lemma atoms_below_containing_C6:
  assumes "length c = 6" "p < 6"
  shows "{A. is_atom UNIV A \<and> A \<subseteq># of_counts c \<and> of_nat p \<in># A} =
    of_counts ` {a \<in> set atoms_C6. 0 < a ! p \<and> list_all2 (\<le>) a c}"
proof -
  have mem_iff: "of_nat p \<in># of_counts a \<longleftrightarrow> 0 < a ! p" if "length a = 6" for a
    using count_of_counts[OF that assms(2)] by (metis count_greater_zero_iff)
  show ?thesis
  proof (intro set_eqI iffI)
    fix A assume "A \<in> {A. is_atom UNIV A \<and> A \<subseteq># of_counts c \<and> of_nat p \<in># A}"
    then have "counts A \<in> set atoms_C6" "list_all2 (\<le>) (counts A) c" "0 < counts A ! p"
      using assms(1) of_counts_subseteq_iff[of "counts A" c] mem_iff[of "counts A"]
      by (simp_all add: is_atom_iff_counts_in_atoms_C6)
    then show "A \<in> of_counts ` {a \<in> set atoms_C6. 0 < a ! p \<and> list_all2 (\<le>) a c}"
      by (metis (mono_tags, lifting) image_eqI mem_Collect_eq of_counts_counts)
  next
    fix A assume "A \<in> of_counts ` {a \<in> set atoms_C6. 0 < a ! p \<and> list_all2 (\<le>) a c}"
    then obtain a where "A = of_counts a" "a \<in> set atoms_C6" "0 < a ! p" "list_all2 (\<le>) a c"
      by blast
    then show "A \<in> {A. is_atom UNIV A \<and> A \<subseteq># of_counts c \<and> of_nat p \<in># A}"
      using assms(1) is_atom_of_counts_atoms_C6 of_counts_subseteq_iff mem_iff by blast
  qed
qed

definition first_nonzero :: "nat list \<Rightarrow> nat" where
  "first_nonzero c = length (takeWhile (\<lambda>x. x = 0) c)"

lemma first_nonzero:
  assumes "sum_list c \<noteq> 0"
  shows "first_nonzero c < length c" "0 < c ! first_nonzero c"
proof -
  have "takeWhile (\<lambda>x. x = 0) c \<noteq> c"
    using assms by (auto simp: takeWhile_eq_all_conv)
  then show "first_nonzero c < length c"
    unfolding first_nonzero_def
    by (metis le_neq_implies_less length_takeWhile_le takeWhile_eq_take take_all)
  then show "0 < c ! first_nonzero c"
    unfolding first_nonzero_def using nth_length_takeWhile by blast
qed

text \<open>lengths n c computes the length set of the sequence with multiplicity vector c whenever
  the fuel n is at least its size: every factorization has an atom containing the first
  element occurring in c, so it suffices to split off such atoms.\<close>

primrec lengths :: "nat \<Rightarrow> nat list \<Rightarrow> nat list" where
  "lengths 0 c = (if sum_list c = 0 then [0] else [])"
| "lengths (Suc n) c = (if sum_list c = 0 then [0] else
     remdups (concat (map (\<lambda>a. map Suc (lengths n (map2 (-) c a)))
       (filter (\<lambda>a. 0 < a ! first_nonzero c \<and> list_all2 (\<le>) a c) atoms_C6))))"

lemma set_lengths_Suc:
  assumes "sum_list c \<noteq> 0"
  shows "set (lengths (Suc n) c) = {Suc k | k a. a \<in> set atoms_C6 \<and> 0 < a ! first_nonzero c
    \<and> list_all2 (\<le>) a c \<and> k \<in> set (lengths n (map2 (-) c a))}"
  using assms by auto

lemma set_lengths:
  assumes "length c = 6" "sum_list c \<le> n"
  shows "set (lengths n c) = length_set UNIV (of_counts c)"
  using assms
proof (induction n arbitrary: c)
  case 0
  then have "of_counts c = {#}" "sum_list c = 0"
    using of_counts_eq_empty_iff by simp_all
  then show ?case
    by (simp only: lengths.simps if_True length_set_empty) simp
next
  case (Suc n)
  show ?case
  proof (cases "sum_list c = 0")
    case True
    then have "of_counts c = {#}"
      using Suc.prems of_counts_eq_empty_iff by simp
    then show ?thesis
      by (simp only: lengths.simps True if_True length_set_empty) simp
  next
    case False
    define p where "p = first_nonzero c"
    let ?atoms = "{a \<in> set atoms_C6. 0 < a ! p \<and> list_all2 (\<le>) a c}"
    have p: "p < 6" "0 < c ! p"
      using first_nonzero[OF False] Suc.prems(1) unfolding p_def by simp_all
    have "of_nat p \<in># of_counts c"
      using count_of_counts[OF Suc.prems(1) p(1)] p(2) by (metis count_greater_zero_iff)
    have IH: "length_set UNIV (of_counts c - of_counts a) = set (lengths n (map2 (-) c a))"
      if a: "a \<in> ?atoms" for a
    proof -
      have atom: "length a = 6" "is_atom UNIV (of_counts a)"
        using a is_atom_of_counts_atoms_C6 by simp_all
      then have sub: "of_counts a \<subseteq># of_counts c"
        using a Suc.prems(1) of_counts_subseteq_iff by blast
      have "0 < size (of_counts a)"
        using atom(2) by (simp add: is_atom_def nonempty_has_size)
      then have "size (of_counts c - of_counts a) \<le> n"
        using size_Diff_submset[OF sub] size_of_counts[OF Suc.prems(1)] Suc.prems(2) by linarith
      then show ?thesis
        using Suc.IH[of "map2 (-) c a"] Suc.prems(1) atom(1) of_counts_minus size_of_counts
        by simp
    qed
    have "length_set UNIV (of_counts c) = {Suc k | k A. A \<in> of_counts ` ?atoms
        \<and> k \<in> length_set UNIV (of_counts c - A)}"
      unfolding length_set_split_atom[OF \<open>of_nat p \<in># of_counts c\<close>]
        atoms_below_containing_C6[OF Suc.prems(1) p(1), symmetric] by simp
    also have "\<dots> = {Suc k | k a. a \<in> ?atoms \<and> k \<in> set (lengths n (map2 (-) c a))}"
      using IH by blast
    also have "\<dots> = set (lengths (Suc n) c)"
      unfolding set_lengths_Suc[OF False] p_def by simp
    finally show ?thesis ..
  qed
qed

### What you will do
Transcribe all the material, keeping each word as it is.

### Response area
lemma atoms_below_containing_C6:
  assumes "length c = 6" "p < 6"
  shows "{A. is_atom UNIV A \<and> A \<subseteq># of_counts c \<and> of_nat p \<in># A} =
    of_counts ` {a \<in> set atoms_C6. 0 < a ! p \<and> list_all2 (\<le>) a c}"
proof -
  have mem_iff: "of_nat p \<in># of_counts a \<longleftrightarrow> 0 < a ! p" if "length a = 6" for a
    using count_of_counts[OF that assms(2)] by (metis count_greater_zero_iff)
  show ?thesis
  proof (intro set_eqI iffI)
    fix A assume "A \<in> {A. is_atom UNIV A \<and> A \<subseteq># of_counts c \<and> of_nat p \<in># A}"
    then have "counts A \<in> set atoms_C6" "list_all2 (\<le>) (counts A) c" "0 < counts A ! p"
      using assms(1) of_counts_subseteq_iff[of "counts A" c] mem_iff[of "counts A"]
      by (simp_all add: is_atom_iff_counts_in_atoms_C6)
    then show "A \<in> of_counts ` {a \<in> set atoms_C6. 0 < a ! p \<and> list_all2 (\<le>) a c}"
      by (metis (mono_tags, lifting) image_eqI mem_Collect_eq of_counts_counts)
  next
    fix A assume "A \<in> of_counts ` {a \<in> set atoms_C6. 0 < a ! p \<and> list_all2 (\<le>) a c}"
    then obtain a where "A = of_counts a" "a \<in> set atoms_C6" "0 < a ! p" "list_all2 (\<le>) a c"
      by blast
    then show "A \<in> {A. is_atom UNIV A \<and> A \<subseteq># of_counts c \<and> of_nat p \<in># A}"
      using assms(1) is_atom_of_counts_atoms_C6 of_counts_subseteq_iff mem_iff by blast
  qed
qed

definition first_nonzero :: "nat list \<Rightarrow> nat" where
  "first_nonzero c = length (takeWhile (\<lambda>x. x = 0) c)"

lemma first_nonzero:
  assumes "sum_list c \<noteq> 0"
  shows "first_nonzero c < length c" "0 < c ! first_nonzero c"
proof -
  have "takeWhile (\<lambda>x. x = 0) c \<noteq> c"
    using assms by (auto simp: takeWhile_eq_all_conv)
  then show "first_nonzero c < length c"
    unfolding first_nonzero_def
    by (metis le_neq_implies_less length_takeWhile_le takeWhile_eq_take take_all)
  then show "0 < c ! first_nonzero c"
    unfolding first_nonzero_def using nth_length_takeWhile by blast
qed

text \<open>lengths n c computes the length set of the sequence with multiplicity vector c whenever
  the fuel n is at least its size: every factorization has an atom containing the first
  element occurring in c, so it suffices to split off such atoms.\<close>

primrec lengths :: "nat \<Rightarrow> nat list \<Rightarrow> nat list" where
  "lengths 0 c = (if sum_list c = 0 then [0] else [])"
| "lengths (Suc n) c = (if sum_list c = 0 then [0] else
     remdups (concat (map (\<lambda>a. map Suc (lengths n (map2 (-) c a)))
       (filter (\<lambda>a. 0 < a ! first_nonzero c \<and> list_all2 (\<le>) a c) atoms_C6))))"

lemma set_lengths_Suc:
  assumes "sum_list c \<noteq> 0"
  shows "set (lengths (Suc n) c) = {Suc k | k a. a \<in> set atoms_C6 \<and> 0 < a ! first_nonzero c
    \<and> list_all2 (\<le>) a c \<and> k \<in> set (lengths n (map2 (-) c a))}"
  using assms by auto

lemma set_lengths:
  assumes "length c = 6" "sum_list c \<le> n"
  shows "set (lengths n c) = length_set UNIV (of_counts c)"
  using assms
proof (induction n arbitrary: c)
  case 0
  then have "of_counts c = {#}" "sum_list c = 0"
    using of_counts_eq_empty_iff by simp_all
  then show ?case
    by (simp only: lengths.simps if_True length_set_empty) simp
next
  case (Suc n)
  show ?case
  proof (cases "sum_list c = 0")
    case True
    then have "of_counts c = {#}"
      using Suc.prems of_counts_eq_empty_iff by simp
    then show ?thesis
      by (simp only: lengths.simps True if_True length_set_empty) simp
  next
    case False
    define p where "p = first_nonzero c"
    let ?atoms = "{a \<in> set atoms_C6. 0 < a ! p \<and> list_all2 (\<le>) a c}"
    have p: "p < 6" "0 < c ! p"
      using first_nonzero[OF False] Suc.prems(1) unfolding p_def by simp_all
    have "of_nat p \<in># of_counts c"
      using count_of_counts[OF Suc.prems(1) p(1)] p(2) by (metis count_greater_zero_iff)
    have IH: "length_set UNIV (of_counts c - of_counts a) = set (lengths n (map2 (-) c a))"
      if a: "a \<in> ?atoms" for a
    proof -
      have atom: "length a = 6" "is_atom UNIV (of_counts a)"
        using a is_atom_of_counts_atoms_C6 by simp_all
      then have sub: "of_counts a \<subseteq># of_counts c"
        using a Suc.prems(1) of_counts_subseteq_iff by blast
      have "0 < size (of_counts a)"
        using atom(2) by (simp add: is_atom_def nonempty_has_size)
      then have "size (of_counts c - of_counts a) \<le> n"
        using size_Diff_submset[OF sub] size_of_counts[OF Suc.prems(1)] Suc.prems(2) by linarith
      then show ?thesis
        using Suc.IH[of "map2 (-) c a"] Suc.prems(1) atom(1) of_counts_minus size_of_counts
        by simp
    qed
    have "length_set UNIV (of_counts c) = {Suc k | k A. A \<in> of_counts ` ?atoms
        \<and> k \<in> length_set UNIV (of_counts c - A)}"
      unfolding length_set_split_atom[OF \<open>of_nat p \<in># of_counts c\<close>]
        atoms_below_containing_C6[OF Suc.prems(1) p(1), symmetric] by simp
    also have "\<dots> = {Suc k | k a. a \<in> ?atoms \<and> k \<in> set (lengths n (map2 (-) c a))}"
      using IH by blast
    also have "\<dots> = set (lengths (Suc n) c)"
      unfolding set_lengths_Suc[OF False] p_def by simp
    finally show ?thesis ..
  qed
qed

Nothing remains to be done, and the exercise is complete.